ABOUT THIS TASK:
In the entries below, tally the lines that contain the string "homogeneous", then state that number alone.

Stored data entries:
------

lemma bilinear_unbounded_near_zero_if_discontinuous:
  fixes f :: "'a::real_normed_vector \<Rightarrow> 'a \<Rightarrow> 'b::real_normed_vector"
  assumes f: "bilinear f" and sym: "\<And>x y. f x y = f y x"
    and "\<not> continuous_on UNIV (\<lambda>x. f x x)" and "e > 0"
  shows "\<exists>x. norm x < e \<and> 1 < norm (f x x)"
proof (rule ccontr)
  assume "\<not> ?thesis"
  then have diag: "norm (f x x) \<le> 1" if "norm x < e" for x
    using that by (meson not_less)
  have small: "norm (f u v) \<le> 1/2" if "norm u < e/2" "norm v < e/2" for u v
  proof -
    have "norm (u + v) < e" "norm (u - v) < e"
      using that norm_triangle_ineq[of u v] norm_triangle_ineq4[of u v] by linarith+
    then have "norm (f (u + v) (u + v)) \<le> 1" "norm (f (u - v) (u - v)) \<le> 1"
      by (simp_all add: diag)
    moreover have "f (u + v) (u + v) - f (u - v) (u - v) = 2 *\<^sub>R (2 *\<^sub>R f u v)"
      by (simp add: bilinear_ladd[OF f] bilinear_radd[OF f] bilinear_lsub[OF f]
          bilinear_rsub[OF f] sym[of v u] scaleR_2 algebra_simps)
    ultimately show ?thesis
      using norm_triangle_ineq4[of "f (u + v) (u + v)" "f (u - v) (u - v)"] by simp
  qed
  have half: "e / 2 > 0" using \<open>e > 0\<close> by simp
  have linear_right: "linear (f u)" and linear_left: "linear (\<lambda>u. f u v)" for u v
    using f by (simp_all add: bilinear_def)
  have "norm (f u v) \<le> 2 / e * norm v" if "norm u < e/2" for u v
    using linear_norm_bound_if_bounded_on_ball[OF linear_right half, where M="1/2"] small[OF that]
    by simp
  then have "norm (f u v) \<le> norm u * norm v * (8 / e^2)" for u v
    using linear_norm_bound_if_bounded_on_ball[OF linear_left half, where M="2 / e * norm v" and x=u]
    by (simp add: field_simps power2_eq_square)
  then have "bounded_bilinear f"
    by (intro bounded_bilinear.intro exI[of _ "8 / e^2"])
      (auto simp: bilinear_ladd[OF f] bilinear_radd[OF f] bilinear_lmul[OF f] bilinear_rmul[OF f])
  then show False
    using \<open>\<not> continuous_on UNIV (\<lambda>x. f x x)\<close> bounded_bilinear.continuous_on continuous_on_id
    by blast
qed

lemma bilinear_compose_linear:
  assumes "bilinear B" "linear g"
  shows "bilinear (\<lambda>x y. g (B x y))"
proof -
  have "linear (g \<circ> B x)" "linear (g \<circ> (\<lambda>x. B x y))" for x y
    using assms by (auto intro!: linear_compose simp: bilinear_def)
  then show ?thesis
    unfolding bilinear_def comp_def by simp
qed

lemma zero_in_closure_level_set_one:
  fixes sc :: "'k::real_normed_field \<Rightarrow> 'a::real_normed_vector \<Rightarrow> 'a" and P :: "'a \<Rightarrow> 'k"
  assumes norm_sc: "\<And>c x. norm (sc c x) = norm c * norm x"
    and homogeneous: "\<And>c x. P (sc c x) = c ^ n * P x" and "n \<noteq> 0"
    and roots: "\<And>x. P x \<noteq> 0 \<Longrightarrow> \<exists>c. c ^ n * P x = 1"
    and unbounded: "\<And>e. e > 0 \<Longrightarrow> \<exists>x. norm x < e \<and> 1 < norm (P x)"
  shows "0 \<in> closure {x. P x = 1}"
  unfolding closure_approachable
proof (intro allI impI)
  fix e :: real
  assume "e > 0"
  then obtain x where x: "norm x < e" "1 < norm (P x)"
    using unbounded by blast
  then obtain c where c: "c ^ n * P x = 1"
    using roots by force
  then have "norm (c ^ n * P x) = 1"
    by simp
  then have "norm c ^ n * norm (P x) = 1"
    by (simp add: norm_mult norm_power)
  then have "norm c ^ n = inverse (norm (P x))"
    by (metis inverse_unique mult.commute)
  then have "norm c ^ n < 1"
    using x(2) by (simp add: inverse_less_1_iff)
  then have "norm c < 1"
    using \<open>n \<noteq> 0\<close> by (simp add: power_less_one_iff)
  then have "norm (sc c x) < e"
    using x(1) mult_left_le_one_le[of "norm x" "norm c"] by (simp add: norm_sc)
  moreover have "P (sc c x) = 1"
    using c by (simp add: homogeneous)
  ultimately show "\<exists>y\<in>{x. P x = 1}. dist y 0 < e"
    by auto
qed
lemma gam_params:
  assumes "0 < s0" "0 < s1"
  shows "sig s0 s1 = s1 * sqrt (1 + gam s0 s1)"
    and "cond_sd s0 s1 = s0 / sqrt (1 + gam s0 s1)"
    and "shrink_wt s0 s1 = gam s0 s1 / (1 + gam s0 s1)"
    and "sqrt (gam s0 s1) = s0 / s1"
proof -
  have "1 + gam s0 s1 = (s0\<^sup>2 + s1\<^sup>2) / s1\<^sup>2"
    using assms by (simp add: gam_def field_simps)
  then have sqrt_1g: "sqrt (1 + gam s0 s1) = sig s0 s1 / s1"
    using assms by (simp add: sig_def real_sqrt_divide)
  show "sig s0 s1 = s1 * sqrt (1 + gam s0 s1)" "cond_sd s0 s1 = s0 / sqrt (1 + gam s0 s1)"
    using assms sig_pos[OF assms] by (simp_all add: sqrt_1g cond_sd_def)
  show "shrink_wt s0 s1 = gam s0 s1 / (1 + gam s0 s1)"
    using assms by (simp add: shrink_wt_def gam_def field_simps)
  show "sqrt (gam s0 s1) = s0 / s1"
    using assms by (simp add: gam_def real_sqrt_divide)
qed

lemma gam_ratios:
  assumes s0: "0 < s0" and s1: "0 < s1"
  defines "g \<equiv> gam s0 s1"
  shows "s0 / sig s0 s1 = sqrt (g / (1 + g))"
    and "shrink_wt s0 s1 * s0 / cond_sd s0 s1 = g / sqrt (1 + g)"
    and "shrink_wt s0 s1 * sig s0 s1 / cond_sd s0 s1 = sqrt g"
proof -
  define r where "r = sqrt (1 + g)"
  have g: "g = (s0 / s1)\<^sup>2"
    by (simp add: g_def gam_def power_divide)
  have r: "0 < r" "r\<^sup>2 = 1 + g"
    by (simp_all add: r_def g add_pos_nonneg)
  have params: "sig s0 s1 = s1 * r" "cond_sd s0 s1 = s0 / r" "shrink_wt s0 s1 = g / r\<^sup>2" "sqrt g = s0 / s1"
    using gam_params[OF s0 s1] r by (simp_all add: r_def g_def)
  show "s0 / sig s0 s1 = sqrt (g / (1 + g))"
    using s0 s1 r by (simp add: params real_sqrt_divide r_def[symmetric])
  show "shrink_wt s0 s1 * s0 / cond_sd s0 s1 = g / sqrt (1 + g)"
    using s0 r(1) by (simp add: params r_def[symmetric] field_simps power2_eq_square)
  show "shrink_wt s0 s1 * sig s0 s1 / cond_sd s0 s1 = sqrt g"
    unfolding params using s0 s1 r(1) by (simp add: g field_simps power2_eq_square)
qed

------

EXPECTED ANSWER:
2